The data —
(* Let $q\ge2$ be even and $d\ge q$. Let $f$ be a density on $\mathbb{R}^d$ with mode $\boldsymbol\theta$, sufficiently smooth, whose $(q+1)$-st order term of the Taylor expansion around $\boldsymbol\theta$ is of the form $\prod_{i=1}^{q+1}\mathbf a_i^\top(\mathbf x-\boldsymbol\theta)$, where $\mathbf a_1,\ldots,\mathbf a_{q+1}$ span a $q$-dimensional subspace of $\mathbb{R}^d$, and suppose $\sum_{i=1}^{q+1}s_i\mathbf a_i=\mathbf 0$ for some coefficients with $s_1s_2\cdots s_{q+1}\neq0$. Then there is a choice of $\mathrm Q$ for which the asymptotic bias is equal to zero, i.e. $\nabla(\nabla^\top\mathrm Q\nabla)^{q/2}f(\boldsymbol\theta)=\mathbf 0$.
   Context: Setting: $\mathrm A=\{Hf(\boldsymbol\theta)\}^{-1}$ is assumed to exist. For a radial $q$-th order kernel $K(\mathbf x)=G(\|\mathbf x\|)$ and a $d\times d$ matrix $\mathrm P$ with $|\det\mathrm P|=1$, the elliptic kernel is $K_{\mathrm P}(\mathbf x)=K(\mathrm P\mathbf x)$ and $\mathrm Q=\mathrm P^{-1}\mathrm P^{-\top}$ (symmetric positive definite). The asymptotic bias of the kernel mode estimator with kernel $K_{\mathrm P}$ and bandwidth $h_n$ is $-\frac{\pi^{d/2}h_n^q}{2^{q-1}\Gamma(\frac{d+q}{2})\Gamma(\frac q2+1)}B_{d,q}(G)\,\mathrm A\,\nabla(\nabla^\top\mathrm Q\nabla)^{q/2}f(\boldsymbol\theta)$ with $B_{d,q}(G)=\int_0^\infty x^{d-1+q}G(x)dx\ne0$, so it vanishes iff $\nabla(\nabla^\top\mathrm Q\nabla)^{q/2}f(\boldsymbol\theta)=\mathbf 0$ (a quantity depending only on the $(q+1)$-st order Taylor term of $f$ at $\boldsymbol\theta$). *)

theory Defs
  imports "HOL-Analysis.Analysis"
begin

definition pdiff :: "'n::finite \<Rightarrow> (real^'n \<Rightarrow> real) \<Rightarrow> real^'n \<Rightarrow> real" where
  "pdiff i g x = deriv (\<lambda>t. g (x + t *\<^sub>R axis i 1)) 0"

fun ipdiff :: "'n::finite list \<Rightarrow> (real^'n \<Rightarrow> real) \<Rightarrow> real^'n \<Rightarrow> real" where
  "ipdiff [] g = g"
| "ipdiff (i # js) g = pdiff i (ipdiff js g)"

definition Ck_partials :: "nat \<Rightarrow> (real^'n::finite \<Rightarrow> real) \<Rightarrow> bool" where
  "Ck_partials k g \<longleftrightarrow>
     (\<forall>js. length js < k \<longrightarrow> (\<forall>i x.
        ((\<lambda>t. ipdiff js g (x + t *\<^sub>R axis i 1)) has_real_derivative ipdiff (i # js) g x) (at 0)))
   \<and> (\<forall>js. length js \<le> k \<longrightarrow> continuous_on UNIV (ipdiff js g))"

definition hessian :: "(real^'n::finite \<Rightarrow> real) \<Rightarrow> real^'n \<Rightarrow> real^'n^'n" where
  "hessian g x = (\<chi> i j. pdiff i (pdiff j g) x)"

definition QLap :: "real^'n^'n \<Rightarrow> (real^'n::finite \<Rightarrow> real) \<Rightarrow> real^'n \<Rightarrow> real" where
  "QLap Q g x = (\<Sum>i\<in>UNIV. \<Sum>j\<in>UNIV. Q $ i $ j * pdiff i (pdiff j g) x)"

definition bias_vec :: "real^'n^'n \<Rightarrow> nat \<Rightarrow> (real^'n::finite \<Rightarrow> real) \<Rightarrow> real^'n \<Rightarrow> real^'n" where
  "bias_vec Q q g x = (\<chi> k. pdiff k ((QLap Q ^^ (q div 2)) g) x)"

end

theory Submission
  imports Defs
begin
lemma doubleton_mem_blowup_edges:
  assumes "p \<in> W" "q \<in> W"
  shows "{p, q} \<in> blowup_edges \<pi> E W \<longleftrightarrow> p \<noteq> q \<and> (\<pi> p = \<pi> q \<or> {\<pi> p, \<pi> q} \<in> E)"
proof
  assume "{p, q} \<in> blowup_edges \<pi> E W"
  then obtain p' q' where "{p, q} = {p', q'}" "p' \<noteq> q'" "\<pi> p' = \<pi> q' \<or> {\<pi> p', \<pi> q'} \<in> E"
    unfolding blowup_edges_def by blast
  then show "p \<noteq> q \<and> (\<pi> p = \<pi> q \<or> {\<pi> p, \<pi> q} \<in> E)"
    by (auto simp: doubleton_eq_iff insert_commute)
next
  assume "p \<noteq> q \<and> (\<pi> p = \<pi> q \<or> {\<pi> p, \<pi> q} \<in> E)"
  then show "{p, q} \<in> blowup_edges \<pi> E W"
    using assms unfolding blowup_edges_def by blast
qed

lemma induced_blowup_edges:
  "S \<subseteq> W \<Longrightarrow> induced_edges (blowup_edges \<pi> E W) S = blowup_edges \<pi> E S"
  unfolding induced_edges_def blowup_edges_def by blast

lemma true_twins_blowup_edges:
  assumes "p \<in> W" "q \<in> W" "p \<noteq> q" "\<pi> p = \<pi> q"
  shows "true_twins W (blowup_edges \<pi> E W) p q"
  using assms unfolding true_twins_def by (auto simp: doubleton_mem_blowup_edges)

lemma blowup_inj_chromatic_number_le_clique_number:
  assumes G: "graph V E" and P: "perfect V E"
    and W: "finite W" "\<pi> ` W \<subseteq> V" and inj: "inj_on \<pi> W"
  shows "chromatic_number W (blowup_edges \<pi> E W) \<le> clique_number W (blowup_edges \<pi> E W)"
proof -
  define U where "U = \<pi> ` W"
  define F where "F = induced_edges E U"
  have GU: "graph U F" and PU: "perfect U F"
    using graph_induced[OF G] perfect_induced[OF P] W(2) unfolding U_def F_def by simp_all
  have adj: "{p, q} \<in> blowup_edges \<pi> E W \<longleftrightarrow> p \<noteq> q \<and> {\<pi> p, \<pi> q} \<in> F" if "p \<in> W" "q \<in> W" for p q
    using that inj doubleton_mem_blowup_edges[OF that]
    unfolding F_def U_def inj_on_def by (auto simp: doubleton_mem_induced_edges)
  have "colorable W (blowup_edges \<pi> E W) (chromatic_number U F)"
    using colorable_pullback[OF chromatic_number_colorable[OF GU]] adj unfolding U_def by blast
  then have "chromatic_number W (blowup_edges \<pi> E W) \<le> chromatic_number U F"
    by (rule chromatic_number_le)
  also have "\<dots> = clique_number U F"
    using perfect_chromatic_number_eq[OF GU PU] .
  also have "\<dots> \<le> clique_number W (blowup_edges \<pi> E W)"
    unfolding U_def using clique_number_le_embedding[OF W(1) inj] adj by blast
  finally show ?thesis .
qed

lemma blowup_chromatic_number_le_clique_number:
  assumes G: "graph V E" and P: "perfect V E"
  shows "finite W \<Longrightarrow> \<pi> ` W \<subseteq> V \<Longrightarrow>
    chromatic_number W (blowup_edges \<pi> E W) \<le> clique_number W (blowup_edges \<pi> E W)"
proof (induction "card W" arbitrary: W rule: less_induct)
  case less
  show ?case
  proof (cases "inj_on \<pi> W")
    case True
    then show ?thesis
      using blowup_inj_chromatic_number_le_clique_number[OF G P less.prems] by blast
  next
    case False
    then obtain p q where pq: "p \<in> W" "q \<in> W" "p \<noteq> q" "\<pi> p = \<pi> q"
      unfolding inj_on_def by blast
    have "perfect (W - {q}) (blowup_edges \<pi> E (W - {q}))"
    proof (rule perfectI)
      show "graph (W - {q}) (blowup_edges \<pi> E (W - {q}))"
        using graph_blowup_edges less.prems(1) by blast
      fix S assume S: "S \<subseteq> W - {q}"
      then have "S \<subset> W"
        using pq(2) by blast
      have "card S < card W"
        using psubset_card_mono[OF less.prems(1) \<open>S \<subset> W\<close>] .
      moreover have "finite S"
        using finite_subset[OF _ less.prems(1)] \<open>S \<subset> W\<close> by blast
      moreover have "\<pi> ` S \<subseteq> V"
        using \<open>S \<subset> W\<close> less.prems(2) by blast
      ultimately show "chromatic_number S (induced_edges (blowup_edges \<pi> E (W - {q})) S)
          \<le> clique_number S (induced_edges (blowup_edges \<pi> E (W - {q})) S)"
        unfolding induced_blowup_edges[OF S] by (rule less.hyps)
    qed
    then show ?thesis
      using twin_chromatic_number_le_clique_number[OF graph_blowup_edges[OF less.prems(1)]
          true_twins_blowup_edges[OF pq]]
      unfolding induced_blowup_edges[OF Diff_subset] by blast
  qed
qed
text \<open>Let \<open>v i = B i *\<^sub>R unit_vec A0 (A i)\<close>. As \<open>A0\<close> is no vertex, the weighted distance
  sum is differentiable at \<open>A0\<close> with gradient \<open>-(v 1 + v 2 + v 3 + v 4)\<close>, and since it is
  convex, \<open>A0\<close> is its minimiser exactly when this resultant vanishes. A vertex that also
  minimised the sum would have to be aligned with \<open>A0\<close> and all other vertices, which is
  impossible in a convex quadrilateral; this gives the floating case.

  By the law of cosines the two equations say \<open>norm (v 1 + v 2) = norm (v 3 + v 4)\<close> and
  \<open>norm (v 1 + v 4) = norm (v 2 + v 3)\<close>, which clearly hold when the resultant \<open>s\<close>
  vanishes.
  Conversely they give \<open>v 1 \<bullet> s = v 3 \<bullet> s\<close> and \<open>v 2 \<bullet> s = v 4 \<bullet> s\<close>, so opposite
  vertices lie on the same side of the line through \<open>A0\<close> orthogonal to \<open>s\<close>. Since the
  diagonals of a convex quadrilateral cross, all four vertices then lie strictly on one side
  of that line, which is impossible for an interior point \<open>A0\<close> unless \<open>s = 0\<close>.\<close>

lemma inner_add_sgn:
  fixes v w :: "'a::real_inner"
  assumes "v \<noteq> 0"
  shows "(v + w) \<bullet> sgn v = norm v + w \<bullet> sgn v"
  using assms by (simp add: inner_add_left sgn_div_norm dot_square_norm power2_eq_square field_simps)

lemma norm_add_ge_inner_sgn:
  fixes v w :: "'a::real_inner"
  assumes "v \<noteq> 0"
  shows "norm v + w \<bullet> sgn v \<le> norm (v + w)"
  using norm_cauchy_schwarz[of "v + w" "sgn v"] assms by (simp add: inner_add_sgn norm_sgn)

Exercise instructions — From the records above, transcribe exactly the run of lines that opens with the line holding "unfolding induced_blowup_edges[OF Diff_subset]" and closes with the line holding "sgn v \<le>", both included.

Output below —
      unfolding induced_blowup_edges[OF Diff_subset] by blast
  qed
qed
text \<open>Let \<open>v i = B i *\<^sub>R unit_vec A0 (A i)\<close>. As \<open>A0\<close> is no vertex, the weighted distance
  sum is differentiable at \<open>A0\<close> with gradient \<open>-(v 1 + v 2 + v 3 + v 4)\<close>, and since it is
  convex, \<open>A0\<close> is its minimiser exactly when this resultant vanishes. A vertex that also
  minimised the sum would have to be aligned with \<open>A0\<close> and all other vertices, which is
  impossible in a convex quadrilateral; this gives the floating case.

  By the law of cosines the two equations say \<open>norm (v 1 + v 2) = norm (v 3 + v 4)\<close> and
  \<open>norm (v 1 + v 4) = norm (v 2 + v 3)\<close>, which clearly hold when the resultant \<open>s\<close>
  vanishes.
  Conversely they give \<open>v 1 \<bullet> s = v 3 \<bullet> s\<close> and \<open>v 2 \<bullet> s = v 4 \<bullet> s\<close>, so opposite
  vertices lie on the same side of the line through \<open>A0\<close> orthogonal to \<open>s\<close>. Since the
  diagonals of a convex quadrilateral cross, all four vertices then lie strictly on one side
  of that line, which is impossible for an interior point \<open>A0\<close> unless \<open>s = 0\<close>.\<close>

lemma inner_add_sgn:
  fixes v w :: "'a::real_inner"
  assumes "v \<noteq> 0"
  shows "(v + w) \<bullet> sgn v = norm v + w \<bullet> sgn v"
  using assms by (simp add: inner_add_left sgn_div_norm dot_square_norm power2_eq_square field_simps)

lemma norm_add_ge_inner_sgn:
  fixes v w :: "'a::real_inner"
  assumes "v \<noteq> 0"
  shows "norm v + w \<bullet> sgn v \<le> norm (v + w)"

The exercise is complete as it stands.